Since shells are at discrete energy levels, any exchange of energy between an atom and an electromagnetic field oscillations is possible only if photons of electromagnetic oscillations fit by their energy amount to a difference in energy level between different shells around a nucleus of this atom.
Consider an absorption of radiation by matter.
The absorption of a single photon means that some electron jumps from its shell with a lower energy level to a shell with the higher one.
This photon's energy is ΔE=h·f.
An atom can absorb energy in chunks only equal to a difference in energy levels between its shells.
An obvious consequence of this is that, if electromagnetic oscillations have such a frequency f that each photon's energy is equal to the energy difference between energy levels of two shells around a nucleus, atom can absorb this photon by some electron getting excited and jumping to a shell with a higher energy level.

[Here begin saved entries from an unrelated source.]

(* Let $m\ge0$, $n\ge1$ and let $s_1,\dots,s_n\in\mathbb Z$ with $\sum_{i=1}^n s_i=0$. Then $y_{1^{m+1}0}^{s_1}y_{1^{m+2}0}^{s_2}\cdots y_{1^{m+n}0}^{s_n}\in S$.
   Context: Let $\{0,1\}^{\mathbb N}$ be the Cantor set of infinite binary sequences and $\{0,1\}^{<\mathbb N}$ the set of finite binary words, including the empty word; juxtaposition denotes concatenation, $0^n,1^n$ denote constant words. Homeomorphisms act on the right. Define $x,y$ by $00\eta\cdot x=0\eta$, $01\eta\cdot x=10\eta$, $1\eta\cdot x=11\eta$, and recursively $00\eta\cdot y=0(\eta\cdot y)$, $01\eta\cdot y=10(\eta\cdot y^{-1})$, $1\eta\cdot y=11(\eta\cdot y)$; $x_s$ (resp. $y_s$) sends $s\eta\mapsto s(\eta\cdot x)$ (resp. $s(\eta\cdot y)$) and fixes sequences not beginning with $s$. For $n\ge0$, $p_n$ is the homeomorphism with $1^k0\eta\cdot p_n=1^{k+1}0\eta$ for $0\le k\le n-1$, $1^n0\eta\cdot p_n=1^{n+1}\eta$, and $1^{n+1}\eta\cdot p_n=0\eta$. $T$ is the group generated by all $x_s$ and all $p_n$, and $S=\langle T,\ y_{10}y_{110}^{-1}\rangle$. *)

theory Defs
  imports Main
begin

text \<open>Points of the Cantor set are infinite binary sequences, modelled as
  functions nat => bool (False = 0, True = 1).
  Homeomorphisms act on the right; we model them as ordinary functions,
  so the right-action product g h (first g, then h) is the composition h o g.\<close>

type_synonym cseq = "nat \<Rightarrow> bool"
type_synonym homeo = "cseq \<Rightarrow> cseq"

If there is a mismatch between frequency of electromagnetic oscillations and difference between energy levels of shells around a nucleus, atom cannot absorb the photon. Most likely, an atom increases its own oscillations that results in heating.
A particular case of a mismatch between the energy of a photon and energy levels of the atom's electron shells is when a photon carries energy higher than the difference between the levels of energy of the atom's shells.
In this case excited electron cannot just jump to a higher energy shell, held there by a nucleus' attraction, but, instead, flies free. This happens in the photoemission. In this case excess of energy beyond maximum absorbable by an electron goes into kinetic energy of the electron that flies free.
Now consider an emitting light (that is, initiating electromagnetic oscillations) by previously excited electrons that return back to normal state by jumping from a higher energy shell to a lower one.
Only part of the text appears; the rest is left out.